Peri-implant tissue healing starts with an inflammatory response after the implant is inserted into the bone cavity (13); however, inflammation at the peri-implantation site is also the leading cause of implantation failure (14). Therefore, it is essential to study the immune response to implant biomaterials. However, the role of implant-released metal ions in inflammasome activation, a critical component of the host immune system, is still unclear. Recent studies on metal-activated inflammasomes have mainly focused on the NOD-like receptor protein-3 (NLRP3) inflammasome. In this review, we first present an overview of the series of NLRP3 inflammasome activation mechanisms and then summarize recently published research on various metal ions, metal particles, and metalloproteins that activate the NLRP3 inflammasome signals.
2 NLRP3 inflammasome
The inflammasome, identified by Tschopp and co-workers in 2002, is described as a high-molecular-weight complex present in the cytosol of stimulated immune cells that mediates the activation of inflammatory caspases (15). The activated caspases convert IL-1β and IL-18 from their inactive to their active forms. At the same time, full-length gasdermin D (FL-GSDMD) is cleaved to the N-terminal GSDMD (GSDMD-NT) and forms membrane pores, resulting in cytokine release and/or programmed cell death called pyroptosis (16, 17). The inflammasomes are named after the pattern recognition receptors (PRRs) that sense the pathogen-associated molecular patterns (PAMPs) and the damage-associated molecular patterns (DAMPs) in the cytosol and initiate downstream responses. In general, inflammasomes are classified into canonical and non-canonical inflammasomes.
Canonical inflammasomes comprise a sensor molecule, the adaptor ASC (apoptosis-associated speck-like protein containing a C-terminal caspase recruitment domain (CARD), and the effector caspase-1. Several sensors have been identified. There are sensors that consist of the nucleotide-binding oligomerization domain (NOD) and leucine-rich repeat (LRR)-containing protein (NLR) family members, including NLRP1, NLRP3, NLRC4, NLRP6, NLRP7, and NLRP12. These sensors, which activate inflammasomes, are classified as NLR N-terminal domains. Another class of inflammasomes assembling sensors is represented by the PYHIN protein family members, such as melanoma 2 (AIM2) and pyrin (7). The ASC adaptor contains two death-fold domains: one pyrin domain (PYD) and one caspase recruitment domain (CARD). On the one hand, PYD forms PYD–PYD interactions with the PYD domain in activated sensors. On the other hand, the CARD domain interacts with the CARD domain in pro-caspase-1. Therefore, ASC serves as a bridge between the sensors and pro-caspase-1, forming inflammasomes as a result of recognition of the PAMPs and DAMPs in canonical inflammasomes (6).
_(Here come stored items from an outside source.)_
lemma child_containing:
  assumes X: "strong P X" and x: "x \<in> X" and nx: "X \<noteq> {x}"
  shows "\<exists>Y\<in>children P X. x \<in> Y"
proof -
  define S where "S = {Y. strong P Y \<and> x \<in> Y \<and> Y \<subset> X}"
  have "x \<in> {1..n}" using common_subset_range strong_common X x by blast
  then have x_S: "{x} \<in> S" unfolding S_def using strong_singleton x nx by auto
  have "card Z < Suc (card {1..n})" if "Z \<in> S" for Z
    using that common_subset_range[OF strong_common, of Z] unfolding S_def
    by (simp add: less_Suc_eq_le card_mono del: card_atLeastAtMost)
  then obtain Y where Y: "Y \<in> S" "\<forall>Z\<in>S. card Z \<le> card Y"
    using ex_has_greatest_nat[of "\<lambda>Y. Y \<in> S" "{x}" card] x_S by blast
  have "is_parent P X Y"
    unfolding is_parent_def
  proof (intro conjI allI impI)
    show "strong P X" "strong P Y" "Y \<subset> X" using X Y unfolding S_def by auto
    fix Z assume Z: "strong P Z \<and> Y \<subset> Z"
    then have "X \<subseteq> Z \<or> Z \<subseteq> X"
      using strong_laminar[OF X strong_common, of Z] Y unfolding S_def by blast
    moreover have "card Y < card Z" if "Z \<subseteq> X"
      using Z common_finite[OF strong_common] psubset_card_mono by blast
    then have "\<not> Z \<subset> X" using Y Z unfolding S_def by fastforce
    ultimately show "X \<subseteq> Z" by blast
  qed
  then show ?thesis using Y unfolding S_def children_def by auto
qed

lemma Union_children:
  assumes "strong P X" "\<And>x. X \<noteq> {x}"
  shows "\<Union>(children P X) = X"
  using child_containing assms childD by blast

lemma children_singleton: "children P {x} = {}"
  using childD strong_common common_nonempty by blast

lemma QnodeD:
  assumes "Qnode P X"
  shows "strong P X" "\<exists>D. D \<subset> children P X \<and> 2 \<le> card D \<and> card D < card (children P X)
            \<and> common P (\<Union>D)"
  using assms unfolding Qnode_def Pnode_def by auto

lemma Qnode_not_singleton: "Qnode P X \<Longrightarrow> X \<noteq> {x}"
  using QnodeD(2)[of X] children_singleton[of x] by force

end

section \<open>Unions of consecutive children of a Q-node\<close>

locale Q_node = permutation_family +
  fixes X assumes Qnode_X: "Qnode P X"
begin

definition child :: "nat \<Rightarrow> nat set" where
  "child x = (SOME Y. Y \<in> children P X \<and> x \<in> Y)"
theorem abs_ln_reverse_ratio_le:
  assumes sc: "\<And>i. i < d \<Longrightarrow> sc i = deriv (\<lambda>h. ln (gauss_mixture d \<mu> (1 - a * r) (sqrt (a * r)) (x(i := x i + h)))) 0"
    and a49: "4 / 9 \<le> a" and R3: "3 \<le> R" and step: "(1 - a) / (1 - r) \<le> 1 / 5"
  shows "\<bar>ln (gauss_mixture d \<mu> (1 - r) (sqrt r) p * gauss d (1 - a) (\<lambda>i. x i - sqrt a * p i)
             / gauss_mixture d \<mu> (1 - a * r) (sqrt (a * r)) x
             / ((a / (2 * pi * ((1 - a) * (a - a * r) / (1 - a * r)))) powr (real d / 2)
                * exp (- (vnorm d (\<lambda>i. sqrt a * p i - x i - (1 - a) * sc i))\<^sup>2
                       / (2 * ((1 - a) * (a - a * r) / (1 - a * r))))))\<bar>
         \<le> R\<^sup>2 / (1 - r) * (vnorm d (\<lambda>i. sqrt a * p i - x i) + vnorm d x + 1)"
proof -
  define D where "D = vnorm d (\<lambda>i. p i - bridge_mean x (denoiser x) i)"
  define \<delta> where "\<delta> = (1 - a) / (1 - a * r)"
  have "1 - r \<le> 1 - a * r" using a r mult_right_mono[of a 1 r] by simp
  then have "\<delta> \<le> 1 / 5"
    unfolding \<delta>_def using a r ar_less_1 by (intro order_trans[OF divide_left_mono step]) auto
  moreover have "0 \<le> \<delta>" using a ar_less_1 by (simp add: \<delta>_def)
  ultimately have \<delta>: "0 \<le> \<delta>" "\<delta> \<le> 1 / 5" by auto
  have "sqrt (4 / 9) \<le> sqrt a" using a49 by (rule real_sqrt_le_mono)
  then have s: "2 / 3 \<le> sqrt a" by (simp add: real_sqrt_divide)
  have "R * sqrt r * (2 * D + 2 * R * (sqrt r * \<delta>))
      \<le> R\<^sup>2 * (vnorm d (\<lambda>i. sqrt a * p i - x i) + vnorm d x + 1)"
    using sqrt_mult_bridge_dist_le[of p x] r
    by (intro quadratic_weight_bound[OF s _ _ R3 \<delta>]) (auto simp: D_def \<delta>_def vnorm_nonneg)
  then have "R * sqrt r / (1 - r) * (2 * D + 2 * R * (sqrt r * \<delta>))
      \<le> R\<^sup>2 / (1 - r) * (vnorm d (\<lambda>i. sqrt a * p i - x i) + vnorm d x + 1)"
    using r by (simp add: divide_right_mono)
  with abs_ln_ratio_le_bridge_dist[OF sc, of p] show ?thesis
    by (simp add: D_def \<delta>_def)
qed

end

section \<open>The learning-rate schedule\<close>

lemma alpha_bar_Suc: "alpha_bar c0 c1 T (Suc k) = alpha c0 c1 T (Suc k) * alpha_bar c0 c1 T k"
  unfolding alpha_bar_def by (simp add: prod.nat_ivl_Suc')

lemma q_eq_gauss_mixture:
  "q d \<mu> c0 c1 T t = gauss_mixture d \<mu> (1 - alpha_bar c0 c1 T t) (sqrt (alpha_bar c0 c1 T t))"
  by (simp add: fun_eq_iff q_def gauss_mixture_def)

locale learning_rates =
  fixes c0 c1 :: real and T :: nat
  assumes c0_pos: "0 < c0" and c1_pos: "0 < c1" and T_ge_2: "2 \<le> T"
    and rate_small: "c1 * ln (real T) / real T \<le> 1 / 25"
begin

definition kappa :: real where
  "kappa = c1 * ln (real T) / real T"

definition growth :: "nat \<Rightarrow> real" where
  "growth k = min (real T powr (- c0) * (1 + kappa) ^ (k - 1)) 1"

lemma kappa_pos: "0 < kappa"
  using c1_pos T_ge_2 by (simp add: kappa_def)

lemma kappa_le: "kappa \<le> 1 / 25"
  using rate_small by (simp add: kappa_def)

lemma beta_1_bounds: "0 < real T powr (- c0)" "real T powr (- c0) < 1"
  using c0_pos T_ge_2 by (auto intro: powr_less_one)

lemma beta_1: "beta c0 c1 T 1 = real T powr (- c0)"
  by (simp add: beta_def)

lemma beta_eq_growth: "2 \<le> k \<Longrightarrow> beta c0 c1 T k = kappa * growth k"
  by (simp add: beta_def kappa_def growth_def)

lemma growth_1: "growth 1 = real T powr (- c0)"
  using beta_1_bounds by (simp add: growth_def)

lemma growth_pos: "0 < growth k" and growth_le_1: "growth k \<le> 1"
  using beta_1_bounds kappa_pos by (auto simp: growth_def)
lemma bR_by_rank_parity:
  assumes "bvalid c \<sigma>" "bvalid c \<tau>" "\<not> is_up \<sigma>" "\<not> is_up \<tau>"
    "Suc (Suc k) \<le> brank \<sigma>" "Suc (Suc k) \<le> brank \<tau>" "even (brank \<sigma>) = even (brank \<tau>)"
  shows "bR c k \<sigma> \<tau>"
  using assms by (cases \<sigma>; cases \<tau>) (auto simp: bR_def)

lemma brank_succ:
  "bvalid c \<sigma> \<Longrightarrow> \<not> is_up \<sigma> \<Longrightarrow> \<tau> \<in> set (bsucc \<sigma>) \<Longrightarrow>
    \<not> is_up \<tau> \<and> (brank \<tau> = brank \<sigma> \<or> Suc (brank \<tau>) = brank \<sigma>)"
  by (cases \<sigma>) (auto split: if_splits)

lemma is_up_succ: "\<tau> \<in> set (bsucc \<sigma>) \<Longrightarrow> is_up \<tau> \<Longrightarrow> is_up \<sigma> \<and> bval \<tau> = Suc (bval \<sigma>)"
  by (cases \<sigma>) (auto split: if_splits)

lemma is_up_frun:
  assumes "is_frun bsucc \<sigma> m f" "j \<le> m" "is_up (f j)"
  shows "is_up \<sigma> \<and> bval \<sigma> \<le> bval (f j)"
  using assms(2,3)
proof (induction j)
  case (Suc j)
  then have "f (Suc j) \<in> set (bsucc (f j))" using assms(1) by (simp add: is_frun_def)
  then have "is_up (f j) \<and> bval (f (Suc j)) = Suc (bval (f j))" using is_up_succ Suc.prems(2) by blast
  then show ?case using Suc by auto
qed (use assms(1) in \<open>simp add: is_frun_def\<close>)

definition bpos :: "bstate \<Rightarrow> nat" where
  "bpos \<sigma> = (if is_up \<sigma> then 1 else 0)"

lemma bsucc_big:
  assumes "bvalid c \<sigma>" "Suc (Suc k) \<le> bval \<sigma>"
  shows "length (bsucc \<sigma>) = 2"
    and "i < 2 \<Longrightarrow> bvalid c (bsucc \<sigma> ! i) \<and> Suc k \<le> bval (bsucc \<sigma> ! i) \<and>
      (blabel (bsucc \<sigma> ! i) = blabel \<sigma> \<longleftrightarrow> i = bpos \<sigma>)"
  using assms by (cases \<sigma>; simp add: bpos_def less_Suc_eq numeral_2_eq_2; fastforce)+

lemma bR_next:
  assumes "bR c (Suc k) \<sigma> \<tau>"
  shows "\<exists>h. bij_betw h {..<length (bsucc \<sigma>)} {..<length (bsucc \<tau>)} \<and>
    (\<forall>i<length (bsucc \<sigma>). bR c k (bsucc \<sigma> ! i) (bsucc \<tau> ! h i))"
proof (cases "\<sigma> = \<tau>")
  case True
  then show ?thesis using assms bvalid_succ nth_mem
    by (intro exI[of _ id]) (auto simp: bR_def)
next
  case False
  then have big: "bvalid c \<sigma>" "bvalid c \<tau>" "Suc (Suc k) \<le> bval \<sigma>" "Suc (Suc k) \<le> bval \<tau>"
    "blabel \<sigma> = blabel \<tau>"
    using assms by (auto simp: bR_def)
  define h where "h i = (if i = bpos \<sigma> then bpos \<tau> else 1 - bpos \<tau>)" for i
  have "bij_betw h {..<2} {..<2}"
    by (auto simp: bij_betw_def inj_on_def h_def bpos_def image_def less_Suc_eq numeral_2_eq_2)
  moreover have "bR c k (bsucc \<sigma> ! i) (bsucc \<tau> ! h i)" if "i < 2" for i
  proof -
    have "h i < 2" using that by (simp add: h_def bpos_def)
    then show ?thesis
      using bsucc_big(2)[OF big(1,3) that] bsucc_big(2)[OF big(2,4), of "h i"] big(5) that
      by (intro bR_big) (auto simp: h_def bpos_def)
  qed
  ultimately show ?thesis using bsucc_big(1) big by metis
qed
(* Let $\alpha\in\mathbb C\setminus[0,\infty)$ with $\mathrm{Re}(\alpha)>0$, and let $s\in\mathbb C$ with $\mathrm{Re}(s)>1$ and $\mathrm{Re}(s)>\mathrm{Re}(\alpha)$. Then $\Phi_\alpha(x)/x^{s+1}$ is Lebesgue integrable on $(1,\infty)$ and $$1-\frac s\alpha=\exp\left[-s(s-1)\int_1^\infty\frac{\Phi_\alpha(x)}{x^{s+1}}\,dx\right].$$
   Context: $\gamma$ is Euler's constant, $\log$ denotes the principal branch on $\mathbb C\setminus(-\infty,0]$, $\mathrm{Ei}_0(z):=\sum_{k\ge1}\frac{z^k}{k\cdot k!}$ (entire), and for $\alpha\in\mathbb C\setminus[0,\infty)$ and $x>1$, $$\varphi_\alpha(x):=\gamma+\log(\log x)+\log(-\alpha)+\mathrm{Ei}_0(\alpha\log x),\qquad \Phi_\alpha(x):=x\int_1^x\frac{\varphi_\alpha(y)}{y^2}\,dy.$$ *)

theory Defs
  imports "HOL-Analysis.Analysis"
begin

definition Ei0 :: "complex \<Rightarrow> complex" where
  "Ei0 z = (\<Sum>k. z ^ Suc k / (of_nat (Suc k) * fact (Suc k)))"

definition phi :: "complex \<Rightarrow> real \<Rightarrow> complex" where
  "phi \<alpha> x = euler_mascheroni + Ln (complex_of_real (ln x)) + Ln (- \<alpha>)
               + Ei0 (\<alpha> * complex_of_real (ln x))"

definition Phi :: "complex \<Rightarrow> real \<Rightarrow> complex" where
  "Phi \<alpha> x = complex_of_real x * (LBINT y:{1<..x}. phi \<alpha> y / complex_of_real (y ^ 2))"

end

theory Submission
  imports Defs "HOL-Real_Asymp.Real_Asymp"
begin

text \<open>
  On the slit plane the function \<open>\<phi>\<^sub>\<alpha>\<close> extends holomorphically to
  \<open>\<phi>(z) = \<gamma> + Ln (Ln z) + Ln (-\<alpha>) + Ei0 (\<alpha> Ln z)\<close>, and both integrals of the statement
  have closed-form antiderivatives built from \<open>Ei0\<close>:
    \<open>Q(z) = -\<phi>(z)/z + Ln (Ln z) + Ei0 ((\<alpha>-1) Ln z)\<close> satisfies \<open>Q' = \<phi>/z\<^sup>2\<close>, and
    \<open>H(z) = ((Q(z) - Q(1\<^sup>+)) z^(1-s) - P(z)) / (1-s)\<close> satisfies \<open>H' = (Q - Q(1\<^sup>+)) z^(-s)\<close>,
  where \<open>P(z) = -(\<phi>(z) z^(-s) + E(z))/s\<close> and \<open>E(z) = -\<gamma> - Ln (s-\<alpha>) - Ln (Ln z) - Ei0 ((\<alpha>-s) Ln z)\<close>.
  Hence \<open>\<Phi>\<^sub>\<alpha>(x) = x (Q(x) - Q(1\<^sup>+))\<close>, and the integral in question is \<open>H(\<infinity>) - H(1\<^sup>+)\<close>
  \<open>= (Ln (s-\<alpha>) - Ln (-\<alpha>)) / (s (1-s))\<close>, which exponentiates to \<open>1 - s/\<alpha>\<close>.
\<close>

section \<open>The entire function Ei0\<close>

text \<open>The entire function \<open>exprel z = (e\<^sup>z - 1)/z\<close>, the derivative of \<open>Ei0\<close>.\<close>
definition exprel :: "complex \<Rightarrow> complex" where
  "exprel z = (\<Sum>n. z ^ n / fact (Suc n))"

text \<open>Termwise comparison with the exponential series gives convergence of \<open>exprel\<close> and
  the bound \<open>|exprel z| \<le> e^|z|\<close>.\<close>
lemma exp_real_sums: "(\<lambda>n. x ^ n / fact n) sums exp (x::real)"
  using exp_converges[of x] by (simp add: divide_inverse mult.commute scaleR_conv_of_real)

lemma norm_exprel_term_le: "norm (z ^ n / fact (Suc n) :: complex) \<le> norm z ^ n / fact n"
proof -
  have "inverse (fact (Suc n)) \<le> (inverse (fact n) :: real)"
    by (intro le_imp_inverse_le) (auto simp: fact_ge_1)
  from mult_left_mono[OF this, of "norm z ^ n"] show ?thesis
    by (simp add: norm_mult norm_inverse norm_power divide_inverse del: fact_Suc)
qed

lemma summable_exprel: "summable (\<lambda>n. z ^ n / fact (Suc n) :: complex)"
  by (rule summable_comparison_test'[OF sums_summable[OF exp_real_sums]]) (rule norm_exprel_term_le)

lemma exprel_mult: "z * exprel z = exp z - 1"
proof -
  have "(\<lambda>n. z ^ Suc n /\<^sub>R fact (Suc n)) sums (exp z - z ^ 0 /\<^sub>R fact 0)"
    using sums_Suc_iff[of "\<lambda>n. z ^ n /\<^sub>R fact n"] exp_converges[of z] by simp
  moreover have "(\<lambda>n. z ^ Suc n /\<^sub>R fact (Suc n)) = (\<lambda>n. z * (z ^ n / fact (Suc n)))"
    by (simp add: scaleR_conv_of_real divide_inverse mult_ac)
  moreover have "(\<lambda>n. z * (z ^ n / fact (Suc n))) sums (z * exprel z)"
    unfolding exprel_def by (intro sums_mult summable_sums summable_exprel)
  ultimately show ?thesis using sums_unique2 by fastforce
qed
(* For all $0\le\varepsilon\le1$, $$\Delta(\varepsilon)=\inf\Big\{\frac gn:\ n\ge g\ge1 \text{ integers},\ \frac{R(g,n)}{n}\ge\varepsilon\Big\}.$$
   Context: A set $S$ of integers is a $B^*[g]$ set if for every integer $m$ there are at most $g$ ordered pairs $(s_1,s_2)\in S\times S$ with $s_1+s_2=m$. $R(g,n)$ is the maximum cardinality of a $B^*[g]$ set contained in $\{1,2,\dots,n\}$. Let $\lambda$ be Lebesgue measure; a set $C\subseteq\mathbb{R}$ is symmetric if there is $c$ with $c+x\in C\iff c-x\in C$; $D(A):=\sup\{\lambda(C): C\subseteq A \text{ measurable and symmetric}\}$, and $\Delta(\varepsilon):=\inf\{D(A): A\subseteq[0,1) \text{ measurable},\ \lambda(A)=\varepsilon\}$. *)

theory Defs
  imports "HOL-Analysis.Analysis"
begin

definition Bstar :: "nat \<Rightarrow> int set \<Rightarrow> bool" where
  "Bstar g S \<longleftrightarrow> (\<forall>m::int. card {(s1, s2). s1 \<in> S \<and> s2 \<in> S \<and> s1 + s2 = m} \<le> g)"

definition R :: "nat \<Rightarrow> nat \<Rightarrow> nat" where
  "R g n = Max (card ` {S. S \<subseteq> {1..int n} \<and> Bstar g S})"

definition symmetric_set :: "real set \<Rightarrow> bool" where
  "symmetric_set C \<longleftrightarrow> (\<exists>c. \<forall>x. c + x \<in> C \<longleftrightarrow> c - x \<in> C)"

definition D :: "real set \<Rightarrow> real" where
  "D A = Sup {measure lebesgue C | C. C \<subseteq> A \<and> C \<in> sets lebesgue \<and> symmetric_set C}"

definition Delta :: "real \<Rightarrow> real" where
  "Delta \<epsilon> = Inf {D A | A. A \<subseteq> {0..<1} \<and> A \<in> sets lebesgue \<and> measure lebesgue A = \<epsilon>}"

end

theory Submission
  imports Defs
begin

(* Split [0,1) into the cells [(k-1)/n, k/n).  A B*[g] set S in {1..n} yields a set A of
measure \<epsilon> by taking an initial piece of each cell indexed by S.  Let C \<subseteq> A be symmetric,
x \<in> C \<longleftrightarrow> d - x \<in> C, and write dn = q + \<phi> with q an integer and 0 \<le> \<phi> < 1.  A point of C in
cell s has its mirror image in cell q+2-s if it lies in the left part of cell s, of length
\<phi>/n, and in cell q+1-s if it lies in the right part, of length (1-\<phi>)/n.  The mirror cell lies
in S, and as S is B*[g] there are at most g cells s in S with q+2-s in S and at most g with
q+1-s in S, so \<lambda>(C) \<le> g\<phi>/n + g(1-\<phi>)/n = g/n.

Conversely, a measurable A of measure \<epsilon> < 1 is approximated from outside by a union of
cells indexed by some S \<subseteq> {1..n} with |S| > \<epsilon>n and small excess over A.  If the
representation function of S is maximal at m, with value G, then S is a B*[G] set, so
R(G,n) \<ge> \<epsilon>n, and the open cells s with m-s in S form a symmetric set of measure G/n lying
in A up to a small set, so D(A) is at least G/n up to a small error.  For \<epsilon> = 1 the
interval (0,1) shows D(A) = 1. *)

lemma symmetric_set_iff_reflection:
  "symmetric_set C \<longleftrightarrow> (\<exists>d. \<forall>x. x \<in> C \<longleftrightarrow> d - x \<in> C)"
proof
  assume "symmetric_set C"
  then obtain c where c: "\<And>x. c + x \<in> C \<longleftrightarrow> c - x \<in> C"
    unfolding symmetric_set_def by blast
  have "x \<in> C \<longleftrightarrow> 2 * c - x \<in> C" for x
  proof -
    have "c + (x - c) = x" "c - (x - c) = 2 * c - x" by simp_all
    then show ?thesis using c[of "x - c"] by simp
  qed
  then show "\<exists>d. \<forall>x. x \<in> C \<longleftrightarrow> d - x \<in> C" by blast
next
  assume "\<exists>d. \<forall>x. x \<in> C \<longleftrightarrow> d - x \<in> C"
  then obtain d where d: "\<And>x. x \<in> C \<longleftrightarrow> d - x \<in> C" by blast
  have "d / 2 + x \<in> C \<longleftrightarrow> d / 2 - x \<in> C" for x
  proof -
    have "d - (d / 2 + x) = d / 2 - x" by simp
    then show ?thesis using d[of "d / 2 + x"] by simp
  qed
  then show "symmetric_set C" unfolding symmetric_set_def by blast
qed

lemma symmetric_set_empty [simp]: "symmetric_set {}"
  unfolding symmetric_set_def by simp

lemma measure_lebesgue_reflect:
  "measure lebesgue ((\<lambda>x::real. d - x) ` S) = measure lebesgue S"
proof -
  have "(\<lambda>x::real. d - x) = (\<lambda>x. (-1) *\<^sub>R x + d)" by (auto simp: fun_eq_iff)
  then show ?thesis using measure_lebesgue_affine[of "-1" d S] by simp
qed

lemma sets_lebesgue_reflect:
  assumes "A \<in> sets lebesgue"
  shows "(\<lambda>x::real. d - x) -` A \<in> sets lebesgue"
proof -
  have "(\<lambda>x::real. d - x) = (\<lambda>x. d + (\<Sum>j\<in>Basis. ((-1) * (x \<bullet> j)) *\<^sub>R j))"
    by (auto simp: fun_eq_iff)
  then have "(\<lambda>x::real. d - x) \<in> lebesgue \<rightarrow>\<^sub>M lebesgue"
    using lebesgue_affine_measurable[of "\<lambda>_. -1" d] by simp
  from measurable_sets[OF this assms] show ?thesis by simp
qed

lemma lmeasurable_subset_unit:
  "A \<subseteq> {0..<1::real} \<Longrightarrow> A \<in> sets lebesgue \<Longrightarrow> A \<in> lmeasurable"
  by (rule fmeasurableI2[of "{0..1}"]) auto
lemma acode_eq_card_suffix_values:
  assumes "1 \<le> i" "i \<le> k"
  shows "acode n w i = card {x \<in> suffix_values. x < w i}"
proof -
  let ?J = "{j \<in> {k+1..n}. w j < w i}"
  have "k < j" if "i < j" "w j < w i" for j
  proof (rule ccontr)
    assume "\<not> k < j"
    then have "w i < w j"
      using prefix_less[OF assms(1) that(1)] by simp
    then show False
      using that(2) by simp
  qed
  then have "{j. i < j \<and> j \<le> n \<and> w j < w i} = ?J"
    using assms(2) by fastforce
  then have "acode n w i = card ?J"
    unfolding acode_def by simp
  also have "\<dots> = card (w ` ?J)"
    by (rule card_image[symmetric], rule inj_on_subset[OF signed_perm_inj_on[OF signed_perm]]) auto
  also have "w ` ?J = {x \<in> suffix_values. x < w i}"
    unfolding suffix_values_def by blast
  finally show ?thesis .
qed

lemma length_mu_eq_card_negative_suffix_values:
  "length (mu n w) = card {x \<in> suffix_values. x < 0}"
proof -
  let ?N = "{j \<in> {1..n}. w j < 0}"
  have "j \<in> {k+1..n}" if "j \<in> ?N" for j
  proof (rule ccontr)
    assume "j \<notin> {k+1..n}"
    then show False
      using that prefix_pos[of j] by auto
  qed
  then have "{x \<in> suffix_values. x < 0} = w ` ?N"
    unfolding suffix_values_def by auto
  moreover have "{nat (- w j) | j. j \<in> {1..n} \<and> w j < 0} = (\<lambda>x. nat (- x)) ` w ` ?N"
    by auto
  moreover have "inj_on (\<lambda>x. nat (- x)) {x \<in> suffix_values. x < (0::int)}"
    by (intro inj_onI) auto
  ultimately show ?thesis
    unfolding mu_def by (simp add: card_image finite_suffix_values)
qed
lemma balancing_weights_proper_subcollection:
  fixes c :: "'n::finite set \<Rightarrow> real"
  assumes nu: "balancing_weights C nu" and c: "(\<Sum>S\<in>C. c S *\<^sub>R char_vec S) = 0"
    and pos: "\<exists>S\<in>C. 0 < c S"
  obtains C' al where "C' \<subset> C" "balancing_weights C' al" "{S\<in>C. c S \<le> 0} \<subseteq> C'"
proof -
  define P where "P = {S\<in>C. 0 < c S}"
  define r where "r = Min ((\<lambda>S. nu S / c S) ` P)"
  have "finite P" "P \<noteq> {}"
    using pos by (auto simp: P_def)
  then have "r \<in> (\<lambda>S. nu S / c S) ` P"
    unfolding r_def by (intro Min_in) auto
  then obtain S1 where S1: "S1 \<in> P" "r = nu S1 / c S1"
    by blast
  have r_le: "r \<le> nu S / c S" if "S \<in> P" for S
    using that \<open>finite P\<close> by (simp add: r_def)
  have nu_pos: "\<forall>S\<in>C. 0 < nu S"
    using nu by (simp add: balancing_weights_iff)
  then have "0 < r"
    using S1 by (simp add: P_def)
  \<comment> \<open>Move from \<open>nu\<close> against \<open>c\<close> until the first weight, that of \<open>S1\<close>, vanishes.\<close>
  define al where "al S = nu S - r * c S" for S
  have al_pos: "0 < al S" if "S \<in> C" "c S \<le> 0" for S
  proof -
    have "r * c S \<le> 0"
      using \<open>0 < r\<close> that(2) by (simp add: mult_nonneg_nonpos)
    moreover have "0 < nu S"
      using nu_pos that(1) by blast
    ultimately show ?thesis
      by (simp add: al_def)
  qed
  have al_nonneg: "0 \<le> al S" if "S \<in> C" for S
  proof (cases "0 < c S")
    case True
    then have "r * c S \<le> nu S"
      using r_le[of S] that by (simp add: P_def pos_le_divide_eq)
    then show ?thesis
      by (simp add: al_def)
  next
    case False
    then show ?thesis
      using al_pos[OF that] by simp
  qed
  define C' where "C' = {S\<in>C. 0 < al S}"
  have "al S = 0" if "S \<in> C - C'" for S
    using that al_nonneg[of S] by (simp add: C'_def)
  then have "(\<Sum>S\<in>C'. al S *\<^sub>R char_vec S) = (\<Sum>S\<in>C. al S *\<^sub>R char_vec S)"
    by (intro sum.mono_neutral_left) (auto simp: C'_def)
  also have "\<dots> = (\<Sum>S\<in>C. nu S *\<^sub>R char_vec S) - r *\<^sub>R (\<Sum>S\<in>C. c S *\<^sub>R char_vec S)"
    by (simp add: al_def scaleR_diff_left sum_subtractf scaleR_sum_right)
  also have "\<dots> = char_vec UNIV"
    using nu c by (simp add: balancing_weights_iff)
  finally have "balancing_weights C' al"
    by (simp add: balancing_weights_iff C'_def)
  moreover have "S1 \<notin> C'"
    using S1 \<open>0 < r\<close> by (simp add: C'_def al_def P_def)
  then have "C' \<subset> C"
    using S1 by (auto simp: C'_def P_def)
  moreover have "{S\<in>C. c S \<le> 0} \<subseteq> C'"
    using al_pos by (auto simp: C'_def)
  ultimately show thesis
    using that by blast
qed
The NLRP3 inflammasome plays critical roles in various inflammatory disorders, including Alzheimer’s disease, diabetes, and other inflammation-related diseases (18–20). It consists of an N-terminal PYD, a central NOD (also called the NACHT domain), and a C-terminal LRR domain (21). The ATPase activity of NOD is essential for NLRP3 oligomerization and is targeted by MCC950, a commonly used NLRP3 inhibitor (22). In addition, it has been determined that the NIMA-related kinase 7 (NEK7) interacts with the LRR domain to promote the activation of NLRP3 (23). The structure of the NLRP3 inflammasome is shown in Figure 1.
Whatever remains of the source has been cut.